Leaking manhole covers add inflow to sanitary sewer systems. These are the most accessible components of the sewer system, and so potentially the cheapest to repair or modify, to reduce inflow. There is, however, very little data regarding manhole cover leakage available to evaluate the cost–benefit of such an approach, and there is no field data. So, a multi-year field study of inflow was conducted. Two-hundred and fifty manholes in New York City and surrounding towns were tested. A key field observation in this study was that a dust and grit seal typically built up between the cover and the rim. This seal had a big impact on leakage rates. This made testing in-situ a necessity, and the test method had to preserve this seal. Due to the presence of the dust and grit seal, approximately 80% of the manholes tested showed no leakage. A further 15% had slow leaks. Only 5% had significant leaks.

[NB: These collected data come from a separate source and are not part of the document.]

text \<open>
  All filter coframes involved (Filt, Ex, SE) have top {1} and binary joins given by
  intersection, and in each of them the difference {1} \ G is the annihilator
  {a | \<forall>b\<in>G. b \<squnion> a = 1}, because in a frame annihilators are filters closed under exact
  and strongly exact meets. So each Booleanization is the family of annihilators, which is
  also R(L) and the family of intersections of the closed sets {x | x \<squnion> a = 1}.
  On the sublocale side a fitted sublocale S is determined by the filter {a | S \<subseteq> o(a)},
  and c(x) \<subseteq> o(a) iff a \<squnion> x = 1. The same computation then shows that in a coframe of
  fitted sublocales containing all sets \<Inter>{o(a) | a \<in> annih G} the difference UNIV \ S
  is \<Inter>{o(a) | a \<in> annih {b | S \<subseteq> o(b)}}; these sets are exactly the fits of joins of
  closed sublocales.
\<close>

subsection \<open>Annihilators\<close>

definition annih :: "'a::bounded_lattice_top set \<Rightarrow> 'a set" where
  "annih H = {a. \<forall>b\<in>H. sup b a = top}"

lemma annih_antimono: "H \<subseteq> H' \<Longrightarrow> annih H' \<subseteq> annih H"
  unfolding annih_def by auto

lemma subset_annih_annih: "H \<subseteq> annih (annih H)"
  unfolding annih_def by (auto simp: sup_commute)

lemma annih_annih_annih [simp]: "annih (annih (annih H)) = annih H"
  by (meson annih_antimono subset_annih_annih subset_antisym)

lemma image_annih_eq_range:
  assumes "\<And>H. annih H \<in> C"
  shows "annih ` C = range annih"
proof
  show "range annih \<subseteq> annih ` C"
    by (metis annih_annih_annih assms image_eqI image_subsetI)
qed auto

lemma subset_annih_iff_disjoint:
  assumes upG: "\<And>a b. a \<in> G \<Longrightarrow> a \<le> b \<Longrightarrow> b \<in> G"
    and upD: "\<And>a b. a \<in> D \<Longrightarrow> a \<le> b \<Longrightarrow> b \<in> D"
  shows "D \<subseteq> annih G \<longleftrightarrow> G \<inter> D \<subseteq> {top}"
proof
  assume "D \<subseteq> annih G"
  then show "G \<inter> D \<subseteq> {top}"
    unfolding annih_def by force
next
  assume disj: "G \<inter> D \<subseteq> {top}"
  show "D \<subseteq> annih G"
    unfolding annih_def
  proof (intro subsetI CollectI ballI)
    fix a b assume "a \<in> D" "b \<in> G"
    then have "sup b a \<in> G \<inter> D" using upG upD by simp
    then show "sup b a = top" using disj by blast
  qed
qed

lemma R_eq_image_annih: "R = annih ` Filt"
  unfolding R_def filt_diff_def annih_def by auto

lemma Int_fam_Cl_eq_range_annih: "Int_fam (Cl :: 'a::complete_lattice set set) = range annih"
proof -
  have Cl: "Cl = range (\<lambda>a. annih {a})"
    unfolding Cl_def annih_def by (auto simp: sup_commute)
  have Inter: "(\<lambda>A. \<Inter> ((\<lambda>a. annih {a}) ` A)) = annih"
    unfolding annih_def by auto
  have "Int_fam Cl = (\<lambda>A. \<Inter> ((\<lambda>a. annih {a}) ` A)) ` UNIV"
    unfolding Int_fam_def Cl subset_image_iff by blast
  then show ?thesis
    by (simp only: Inter)
qed

subsection \<open>Coframes of filters\<close>

lemma ctop_eqI:
  assumes "t \<in> C" "\<And>y. y \<in> C \<Longrightarrow> le y t" "antisymp_on C le"
  shows "ctop C le = t"
  unfolding ctop_def
  by (rule the_equality) (use assms in \<open>auto dest: antisymp_onD\<close>)

lemma cjoin_eqI:
  assumes "is_lub C le {a, b} x" "antisymp_on C le"
  shows "cjoin C le a b = x"
  unfolding cjoin_def
  by (rule the_equality) (use assms in \<open>auto simp: is_lub_def dest: antisymp_onD\<close>)

lemma codiff_eqI:
  assumes "c \<in> C" "\<And>d. d \<in> C \<Longrightarrow> le a (cjoin C le b d) \<longleftrightarrow> le c d"
    and "reflp_on C le" "antisymp_on C le"
  shows "codiff C le a b = c"
  unfolding codiff_def
proof (rule the_equality)
  fix c' assume c': "c' \<in> C \<and> (\<forall>d\<in>C. le a (cjoin C le b d) \<longleftrightarrow> le c' d)"
  then have "le c' d \<longleftrightarrow> le c d" if "d \<in> C" for d
    using assms(2) that by blast
  then show "c' = c"
    using assms c' by (meson antisymp_onD reflp_onD)
qed (use assms in blast)

lemma reflp_on_rev_incl: "reflp_on C rev_incl"
  by (simp add: reflp_on_def rev_incl_def)

lemma antisymp_on_rev_incl: "antisymp_on C rev_incl"
  by (auto simp: antisymp_on_def rev_incl_def)

lemma filter_top: "is_filter {top :: 'a::complete_lattice}"
  unfolding is_filter_def by (simp add: top_unique)

lemma top_mem_filter: "is_filter F \<Longrightarrow> (top :: 'a::complete_lattice) \<in> F"
  unfolding is_filter_def by (meson ex_in_conv top_greatest)

lemma filter_Int:
  assumes "is_filter F" "is_filter G"
  shows "is_filter (F \<inter> G :: 'a::complete_lattice set)"
proof -
  have "top \<in> F \<inter> G"
    using assms by (simp add: top_mem_filter)
  then show ?thesis
    using assms unfolding is_filter_def by auto
qed

lemma booleanization_filter_family:
  assumes filters: "C \<subseteq> Filt" and top: "{top} \<in> C"
    and Int: "\<And>F G. F \<in> C \<Longrightarrow> G \<in> C \<Longrightarrow> F \<inter> G \<in> C"
    and annih: "\<And>H. annih H \<in> C"
  shows "booleanization C rev_incl = range annih"
proof -
  have upset: "b \<in> F" if "F \<in> C" "a \<in> F" "a \<le> b" for F a b
    using filters that by (auto simp: Filt_def is_filter_def)
  have ctop: "ctop C rev_incl = {top}"
    by (rule ctop_eqI)
       (use top filters top_mem_filter antisymp_on_rev_incl in \<open>auto simp: rev_incl_def Filt_def\<close>)
  have cjoin: "cjoin C rev_incl F G = F \<inter> G" if "F \<in> C" "G \<in> C" for F G
  proof (rule cjoin_eqI [OF _ antisymp_on_rev_incl])
    show "is_lub C rev_incl {F, G} (F \<inter> G)"
      unfolding is_lub_def rev_incl_def using that Int by blast
  qed
  have "codiff C rev_incl (ctop C rev_incl) G = annih G" if G: "G \<in> C" for G
  proof (rule codiff_eqI [OF annih _ reflp_on_rev_incl antisymp_on_rev_incl])
    fix D assume D: "D \<in> C"
    have "D \<subseteq> annih G \<longleftrightarrow> G \<inter> D \<subseteq> {top}"
      by (rule subset_annih_iff_disjoint) (use upset G D in blast)+
    then show "rev_incl (ctop C rev_incl) (cjoin C rev_incl G D) \<longleftrightarrow> rev_incl (annih G) D"
      by (simp add: ctop cjoin G D rev_incl_def)
  qed
  then have "booleanization C rev_incl = annih ` C"
    unfolding booleanization_def by auto
  then show ?thesis
    using image_annih_eq_range annih by metis
qed

subsection \<open>Fitting\<close>

definition opn_above :: "'a::complete_lattice set \<Rightarrow> 'a set" where
  "opn_above S = {a. S \<subseteq> opn a}"

lemma fit_eq_Inter_opn_above: "fit S = \<Inter> (opn ` opn_above S)"
  unfolding fit_def opn_above_def by auto

lemma subset_opn_above_iff: "A \<subseteq> opn_above S \<longleftrightarrow> S \<subseteq> \<Inter> (opn ` A)"
  unfolding opn_above_def by auto

lemma subset_fit: "S \<subseteq> fit S"
  unfolding fit_def by auto

lemma fit_mono: "S \<subseteq> T \<Longrightarrow> fit S \<subseteq> fit T"
  unfolding fit_def by blast

lemma opn_above_antimono: "S \<subseteq> T \<Longrightarrow> opn_above T \<subseteq> opn_above S"
  unfolding opn_above_def by auto

lemma opn_above_fit [simp]: "opn_above (fit S) = opn_above S"
  unfolding opn_above_def fit_def by auto

lemma opn_above_Un: "opn_above (S \<union> T) = opn_above S \<inter> opn_above T"
  unfolding opn_above_def by auto

lemma fit_Inter_opn [simp]: "fit (\<Inter> (opn ` A)) = \<Inter> (opn ` A)"
proof (rule subset_antisym)
  have "A \<subseteq> opn_above (\<Inter> (opn ` A))"
    by (simp add: subset_opn_above_iff)
  then show "fit (\<Inter> (opn ` A)) \<subseteq> \<Inter> (opn ` A)"
    unfolding fit_eq_Inter_opn_above by blast
qed (rule subset_fit)

lemma fit_fit [simp]: "fit (fit S) = fit S"
  by (simp only: fit_eq_Inter_opn_above[of S] fit_Inter_opn)

lemma fit_UNIV [simp]: "fit UNIV = UNIV"
  using subset_fit [of UNIV] by blast

lemma fit_Un_fit: "fit (fit S \<union> fit T) = fit (S \<union> T)"
  by (simp only: fit_eq_Inter_opn_above[of "fit S \<union> fit T"] fit_eq_Inter_opn_above[of "S \<union> T"]
      opn_above_Un opn_above_fit)

lemma subset_fitted_iff:
  assumes "fit D = D"
  shows "S \<subseteq> D \<longleftrightarrow> opn_above D \<subseteq> opn_above S"
proof
  assume "opn_above D \<subseteq> opn_above S"
  then have "fit S \<subseteq> fit D"
    unfolding fit_eq_Inter_opn_above by blast
  then show "S \<subseteq> D"
    using subset_fit assms by blast
qed (rule opn_above_antimono)

locale frame =
  assumes inf_Sup_distrib: "\<And>(A :: 'a::complete_lattice set) b. inf (Sup A) b = (SUP a\<in>A. inf a b)"
begin

lemma inf_sup_distrib: "inf (sup x y) z = sup (inf x z) (inf y z)" for x y z :: 'a
  using inf_Sup_distrib[of "{x, y}" z] by simp

lemma sup_inf_distrib: "sup b (inf a c) = inf (sup b a) (sup b c)" for a b c :: 'a
proof -
  have "inf (sup b a) (sup b c) = sup (inf b (sup b c)) (inf a (sup b c))"
    by (rule inf_sup_distrib)
  also have "inf a (sup b c) = sup (inf b a) (inf c a)"
    using inf_sup_distrib[of b c a] by (simp add: inf_commute)
  also have "sup (inf b (sup b c)) (sup (inf b a) (inf c a)) = sup b (inf a c)"
    by (simp add: inf_commute sup_absorb1 flip: sup_assoc)
  finally show ?thesis by simp
qed

lemma fimp_iff: "c \<le> fimp a b \<longleftrightarrow> inf c a \<le> b" for a b c :: 'a
proof
  assume "c \<le> fimp a b"
  then have "inf c a \<le> inf (Sup {c. inf c a \<le> b}) a"
    unfolding fimp_def by (rule inf_mono) simp
  also have "\<dots> = (SUP s\<in>{c. inf c a \<le> b}. inf s a)"
    by (rule inf_Sup_distrib)
  also have "\<dots> \<le> b"
    by (rule SUP_least) simp
  finally show "inf c a \<le> b" .
qed (simp add: fimp_def Sup_upper)

lemma fimp_fimp: "fimp a (fimp a' b) = fimp (inf a a') b" for a a' b :: 'a
proof -
  have le: "c \<le> fimp a (fimp a' b) \<longleftrightarrow> c \<le> fimp (inf a a') b" for c
    by (simp add: fimp_iff inf_assoc)
  show ?thesis
    by (rule order.antisym [OF le [THEN iffD1, OF order.refl] le [THEN iffD2, OF order.refl]])
qed

lemma fimp_mono: "b \<le> b' \<Longrightarrow> fimp a b \<le> fimp a b'" for a b b' :: 'a
  unfolding fimp_def by (rule Sup_subset_mono) (auto intro: order.trans)

lemma le_fimp: "b \<le> fimp a b" for a b :: 'a
  by (simp add: fimp_iff le_infI1)

lemma fimp_eq_top_iff: "fimp a b = top \<longleftrightarrow> a \<le> b" for a b :: 'a
  by (simp add: fimp_iff flip: top_unique)

lemma opn_iff: "s \<in> opn a \<longleftrightarrow> fimp a s = s" for a s :: 'a
proof
  assume "s \<in> opn a"
  then obtain b where "s = fimp a b"
    by (auto simp: opn_def)
  then show "fimp a s = s"
    by (simp add: fimp_fimp)
next
  assume "fimp a s = s"
  then have "s = fimp a s" ..
  then show "s \<in> opn a"
    unfolding opn_def by blast
qed

lemma opn_iff_fimp_le: "s \<in> opn a \<longleftrightarrow> fimp a s \<le> s" for a s :: 'a
  by (simp add: opn_iff order.eq_iff le_fimp)

lemma opn_mono:
  fixes a a' :: 'a
  assumes "a \<le> a'"
  shows "opn a \<subseteq> opn a'"
proof
  fix s assume s: "s \<in> opn a"
  then have "fimp a' s = fimp a' (fimp a s)"
    by (simp add: opn_iff)
  also have "\<dots> = fimp a s"
    using assms by (simp add: fimp_fimp inf_absorb2)
  also have "\<dots> = s"
    using s by (simp add: opn_iff)
  finally show "s \<in> opn a'"
    by (simp add: opn_iff)
qed

lemma opn_eq_UNIV_iff: "opn a = UNIV \<longleftrightarrow> a = (top :: 'a)"
proof
  assume "opn a = UNIV"
  then have "fimp a a = a"
    using opn_iff by blast
  moreover have "fimp a a = top"
    by (simp add: fimp_eq_top_iff)
  ultimately show "a = top"
    by simp
next
  have "fimp top s \<le> s" for s :: 'a
    using fimp_iff[of "fimp top s" top s] by simp
  then show "a = top \<Longrightarrow> opn a = UNIV"
    by (auto simp: opn_iff_fimp_le)
qed

lemma opn_top [simp]: "opn top = (UNIV :: 'a set)"
  by (simp add: opn_eq_UNIV_iff)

  • First in situ field study on manhole cover leakage as a source of inflow.

  • Identified dust and grit seal between the rim and cover that limits inflow.

  • 80% of manholes tested did not leak.

  • Only 5% of the 250 manholes tested had significant leakage.

Sanitary sewer systems always carry extraneous flow other than the actual sanitary wastewater flow they are intended to transport (ASCE 2007). This is referred to as infiltration and inflow, or I/I. Infiltration is water that enters a sewer system from the ground through defective pipes, pipe joints, connections, or manholes (EPA 2014). Inflow is water that enters a sewer system from sources such as roof leaders, cellar/foundation drains, yard drains, area drains, drains from springs and swampy areas, manhole covers, cross connections between storm sewers and sanitary sewers, and catch basins (EPA 2014).

At the terminal point of the sanitary sewer system is the wastewater treatment plant. The treatment plant continually measures the flow entering the plant. This flow record will show a spike during a rain event, and elevated flows after the event ends. These flow records provide hard evidence of the presence of I/I in every sanitary sewer system.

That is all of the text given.